INFORMATION GIVEN Block Start

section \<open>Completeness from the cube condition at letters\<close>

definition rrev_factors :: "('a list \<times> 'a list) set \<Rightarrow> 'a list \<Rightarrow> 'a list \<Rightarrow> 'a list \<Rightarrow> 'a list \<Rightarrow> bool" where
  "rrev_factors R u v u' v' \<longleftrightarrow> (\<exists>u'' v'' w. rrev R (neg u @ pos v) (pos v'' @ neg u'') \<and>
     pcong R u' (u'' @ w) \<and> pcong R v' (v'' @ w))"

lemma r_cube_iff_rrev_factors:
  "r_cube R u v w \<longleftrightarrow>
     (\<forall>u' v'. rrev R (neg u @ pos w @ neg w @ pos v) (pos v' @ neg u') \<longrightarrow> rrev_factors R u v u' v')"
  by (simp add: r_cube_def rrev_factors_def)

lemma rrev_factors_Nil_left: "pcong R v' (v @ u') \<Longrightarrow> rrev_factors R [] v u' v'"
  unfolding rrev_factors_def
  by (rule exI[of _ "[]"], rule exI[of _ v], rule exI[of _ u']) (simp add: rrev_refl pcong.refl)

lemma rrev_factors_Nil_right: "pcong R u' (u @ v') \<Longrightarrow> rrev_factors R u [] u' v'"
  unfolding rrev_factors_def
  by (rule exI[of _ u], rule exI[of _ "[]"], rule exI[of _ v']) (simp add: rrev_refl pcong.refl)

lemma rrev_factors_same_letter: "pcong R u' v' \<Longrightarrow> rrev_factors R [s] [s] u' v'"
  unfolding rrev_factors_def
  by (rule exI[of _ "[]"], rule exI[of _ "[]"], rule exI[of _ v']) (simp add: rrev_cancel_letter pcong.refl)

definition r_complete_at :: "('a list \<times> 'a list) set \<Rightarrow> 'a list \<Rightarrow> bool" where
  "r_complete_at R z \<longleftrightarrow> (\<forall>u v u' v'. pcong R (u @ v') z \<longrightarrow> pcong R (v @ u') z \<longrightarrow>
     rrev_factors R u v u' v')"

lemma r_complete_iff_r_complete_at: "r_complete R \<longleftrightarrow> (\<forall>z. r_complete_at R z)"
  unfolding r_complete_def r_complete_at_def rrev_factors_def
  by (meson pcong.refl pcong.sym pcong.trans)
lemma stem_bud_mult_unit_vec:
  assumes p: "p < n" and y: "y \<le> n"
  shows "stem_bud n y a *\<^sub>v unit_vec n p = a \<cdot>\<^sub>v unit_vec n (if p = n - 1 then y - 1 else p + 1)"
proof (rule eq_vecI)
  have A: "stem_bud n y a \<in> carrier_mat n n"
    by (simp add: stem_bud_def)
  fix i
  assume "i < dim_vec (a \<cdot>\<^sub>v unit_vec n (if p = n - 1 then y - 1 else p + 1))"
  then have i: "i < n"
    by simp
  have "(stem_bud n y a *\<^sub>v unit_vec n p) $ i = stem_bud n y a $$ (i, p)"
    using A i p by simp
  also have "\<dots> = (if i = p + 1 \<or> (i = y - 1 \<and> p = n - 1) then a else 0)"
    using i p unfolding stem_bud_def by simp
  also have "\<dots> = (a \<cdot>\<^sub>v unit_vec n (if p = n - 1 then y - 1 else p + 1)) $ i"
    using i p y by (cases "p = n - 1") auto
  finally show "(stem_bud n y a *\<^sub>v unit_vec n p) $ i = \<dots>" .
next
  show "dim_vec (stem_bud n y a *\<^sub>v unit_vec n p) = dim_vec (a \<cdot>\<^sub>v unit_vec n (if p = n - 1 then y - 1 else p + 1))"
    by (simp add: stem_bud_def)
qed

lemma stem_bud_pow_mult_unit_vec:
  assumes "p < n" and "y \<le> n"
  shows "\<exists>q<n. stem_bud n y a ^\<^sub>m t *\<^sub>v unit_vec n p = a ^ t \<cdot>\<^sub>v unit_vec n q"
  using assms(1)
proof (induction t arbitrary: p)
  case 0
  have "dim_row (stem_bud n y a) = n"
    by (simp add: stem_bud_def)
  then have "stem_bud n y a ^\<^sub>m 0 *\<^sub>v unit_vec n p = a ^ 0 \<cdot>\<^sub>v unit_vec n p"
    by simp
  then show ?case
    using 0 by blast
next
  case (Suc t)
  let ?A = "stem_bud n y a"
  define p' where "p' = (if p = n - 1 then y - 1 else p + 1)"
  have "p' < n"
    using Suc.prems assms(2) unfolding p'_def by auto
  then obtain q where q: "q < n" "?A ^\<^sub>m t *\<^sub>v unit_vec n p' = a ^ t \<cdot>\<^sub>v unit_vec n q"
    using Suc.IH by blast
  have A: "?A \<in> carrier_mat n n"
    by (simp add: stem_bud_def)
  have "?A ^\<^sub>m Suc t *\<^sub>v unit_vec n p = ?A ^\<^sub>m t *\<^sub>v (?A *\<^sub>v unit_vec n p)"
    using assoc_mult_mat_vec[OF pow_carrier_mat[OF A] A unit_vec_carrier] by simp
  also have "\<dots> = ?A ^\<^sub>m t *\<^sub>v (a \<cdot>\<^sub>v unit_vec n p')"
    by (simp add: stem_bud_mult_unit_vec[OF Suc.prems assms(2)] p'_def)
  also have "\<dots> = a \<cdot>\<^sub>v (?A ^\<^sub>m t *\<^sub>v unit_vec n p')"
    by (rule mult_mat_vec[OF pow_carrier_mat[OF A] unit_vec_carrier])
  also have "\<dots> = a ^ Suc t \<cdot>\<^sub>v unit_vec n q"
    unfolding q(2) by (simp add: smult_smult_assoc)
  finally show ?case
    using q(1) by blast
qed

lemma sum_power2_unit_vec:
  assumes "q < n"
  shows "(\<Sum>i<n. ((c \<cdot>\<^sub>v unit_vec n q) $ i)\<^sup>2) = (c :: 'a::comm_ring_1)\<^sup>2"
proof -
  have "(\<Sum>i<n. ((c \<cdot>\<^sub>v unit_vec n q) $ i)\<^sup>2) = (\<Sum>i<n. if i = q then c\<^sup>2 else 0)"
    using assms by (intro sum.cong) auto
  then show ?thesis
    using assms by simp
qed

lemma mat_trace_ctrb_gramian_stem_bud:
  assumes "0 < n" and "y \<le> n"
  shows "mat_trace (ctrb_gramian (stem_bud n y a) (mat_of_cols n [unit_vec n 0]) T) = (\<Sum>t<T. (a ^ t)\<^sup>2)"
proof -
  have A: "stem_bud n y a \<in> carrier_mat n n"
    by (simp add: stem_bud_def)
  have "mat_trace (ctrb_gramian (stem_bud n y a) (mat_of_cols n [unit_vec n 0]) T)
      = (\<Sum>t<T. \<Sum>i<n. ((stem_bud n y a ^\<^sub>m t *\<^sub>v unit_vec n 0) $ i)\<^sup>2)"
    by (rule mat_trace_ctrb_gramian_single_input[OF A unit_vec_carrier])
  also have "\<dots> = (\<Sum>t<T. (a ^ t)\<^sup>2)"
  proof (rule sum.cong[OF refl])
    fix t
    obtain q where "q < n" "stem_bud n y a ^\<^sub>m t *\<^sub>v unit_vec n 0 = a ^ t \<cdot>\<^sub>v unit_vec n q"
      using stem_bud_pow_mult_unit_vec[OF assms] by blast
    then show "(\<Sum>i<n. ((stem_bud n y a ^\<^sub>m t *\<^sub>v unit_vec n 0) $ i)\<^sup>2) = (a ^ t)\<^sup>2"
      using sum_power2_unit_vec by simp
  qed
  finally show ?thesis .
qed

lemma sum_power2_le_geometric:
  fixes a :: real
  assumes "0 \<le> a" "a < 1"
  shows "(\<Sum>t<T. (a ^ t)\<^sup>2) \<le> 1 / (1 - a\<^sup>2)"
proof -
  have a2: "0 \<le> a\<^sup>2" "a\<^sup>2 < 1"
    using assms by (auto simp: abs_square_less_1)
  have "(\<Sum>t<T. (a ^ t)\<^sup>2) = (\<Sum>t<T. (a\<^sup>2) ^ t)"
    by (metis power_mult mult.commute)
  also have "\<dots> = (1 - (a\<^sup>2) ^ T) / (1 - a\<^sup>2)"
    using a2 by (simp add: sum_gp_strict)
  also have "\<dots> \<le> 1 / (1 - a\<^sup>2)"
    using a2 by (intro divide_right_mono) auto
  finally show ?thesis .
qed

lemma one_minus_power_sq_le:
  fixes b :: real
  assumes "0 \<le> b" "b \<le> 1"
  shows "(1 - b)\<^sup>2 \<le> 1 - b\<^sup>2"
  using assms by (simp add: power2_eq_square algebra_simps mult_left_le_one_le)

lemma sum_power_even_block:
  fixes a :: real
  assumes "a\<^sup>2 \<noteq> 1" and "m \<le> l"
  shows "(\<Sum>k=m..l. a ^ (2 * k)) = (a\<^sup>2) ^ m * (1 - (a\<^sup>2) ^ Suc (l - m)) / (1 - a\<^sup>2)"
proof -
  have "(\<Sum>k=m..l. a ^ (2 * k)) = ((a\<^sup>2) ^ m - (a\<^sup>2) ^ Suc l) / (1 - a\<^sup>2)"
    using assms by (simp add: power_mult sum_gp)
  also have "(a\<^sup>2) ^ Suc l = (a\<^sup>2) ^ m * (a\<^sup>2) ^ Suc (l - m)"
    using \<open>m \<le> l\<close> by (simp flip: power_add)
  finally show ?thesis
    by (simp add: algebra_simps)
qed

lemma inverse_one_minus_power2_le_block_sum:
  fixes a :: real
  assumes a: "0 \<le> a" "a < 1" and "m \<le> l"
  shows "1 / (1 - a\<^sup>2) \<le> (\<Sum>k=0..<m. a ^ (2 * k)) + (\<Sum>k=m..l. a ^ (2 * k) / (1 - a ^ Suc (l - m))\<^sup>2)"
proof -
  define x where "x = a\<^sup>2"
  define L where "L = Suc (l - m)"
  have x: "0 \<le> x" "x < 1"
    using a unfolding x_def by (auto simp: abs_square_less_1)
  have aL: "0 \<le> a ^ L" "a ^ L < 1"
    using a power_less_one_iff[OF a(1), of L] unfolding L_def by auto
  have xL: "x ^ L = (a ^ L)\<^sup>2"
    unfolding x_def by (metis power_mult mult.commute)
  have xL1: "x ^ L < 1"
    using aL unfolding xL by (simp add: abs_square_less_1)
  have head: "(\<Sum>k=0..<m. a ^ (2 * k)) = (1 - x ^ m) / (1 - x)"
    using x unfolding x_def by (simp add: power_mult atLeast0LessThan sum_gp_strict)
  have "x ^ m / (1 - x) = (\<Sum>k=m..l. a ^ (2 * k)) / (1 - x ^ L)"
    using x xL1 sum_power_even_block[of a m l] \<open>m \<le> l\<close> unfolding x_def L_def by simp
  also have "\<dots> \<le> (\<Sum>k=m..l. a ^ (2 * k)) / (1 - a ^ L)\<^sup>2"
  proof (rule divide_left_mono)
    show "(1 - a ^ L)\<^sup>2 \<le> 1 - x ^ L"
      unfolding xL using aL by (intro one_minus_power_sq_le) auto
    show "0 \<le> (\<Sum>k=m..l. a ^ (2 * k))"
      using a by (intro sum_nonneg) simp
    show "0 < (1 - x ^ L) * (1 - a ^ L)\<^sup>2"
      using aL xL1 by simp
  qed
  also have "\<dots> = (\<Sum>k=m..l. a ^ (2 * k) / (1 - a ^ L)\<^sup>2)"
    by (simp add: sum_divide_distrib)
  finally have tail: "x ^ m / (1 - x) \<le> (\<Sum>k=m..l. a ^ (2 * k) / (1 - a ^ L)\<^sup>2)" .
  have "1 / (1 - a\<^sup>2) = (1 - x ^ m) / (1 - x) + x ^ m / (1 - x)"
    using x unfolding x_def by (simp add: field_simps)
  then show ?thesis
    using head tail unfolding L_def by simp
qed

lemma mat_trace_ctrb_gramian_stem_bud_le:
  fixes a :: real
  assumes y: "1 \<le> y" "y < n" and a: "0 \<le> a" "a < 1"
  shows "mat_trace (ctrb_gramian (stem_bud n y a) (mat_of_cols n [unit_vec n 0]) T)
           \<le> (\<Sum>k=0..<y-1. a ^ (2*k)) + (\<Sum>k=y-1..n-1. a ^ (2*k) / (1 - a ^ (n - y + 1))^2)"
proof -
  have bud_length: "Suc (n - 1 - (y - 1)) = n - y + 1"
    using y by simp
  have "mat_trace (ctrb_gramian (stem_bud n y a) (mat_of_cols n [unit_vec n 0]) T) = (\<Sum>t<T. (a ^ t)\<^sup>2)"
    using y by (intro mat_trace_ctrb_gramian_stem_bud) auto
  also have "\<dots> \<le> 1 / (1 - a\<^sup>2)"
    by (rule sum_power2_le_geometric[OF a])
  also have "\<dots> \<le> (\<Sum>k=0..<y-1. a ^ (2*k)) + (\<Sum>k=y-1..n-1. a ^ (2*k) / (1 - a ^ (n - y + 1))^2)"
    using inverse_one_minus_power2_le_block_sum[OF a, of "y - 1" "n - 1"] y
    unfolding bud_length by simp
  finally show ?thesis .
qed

INFORMATION GIVEN Block End

(ASSIGNMENT)
The expected output is the exact run of lines from the start of the entries through the line with "pcong R u' (u''", inclusive.

(RESPONSE AREA)
section \<open>Completeness from the cube condition at letters\<close>

definition rrev_factors :: "('a list \<times> 'a list) set \<Rightarrow> 'a list \<Rightarrow> 'a list \<Rightarrow> 'a list \<Rightarrow> 'a list \<Rightarrow> bool" where
  "rrev_factors R u v u' v' \<longleftrightarrow> (\<exists>u'' v'' w. rrev R (neg u @ pos v) (pos v'' @ neg u'') \<and>
     pcong R u' (u'' @ w) \<and> pcong R v' (v'' @ w))"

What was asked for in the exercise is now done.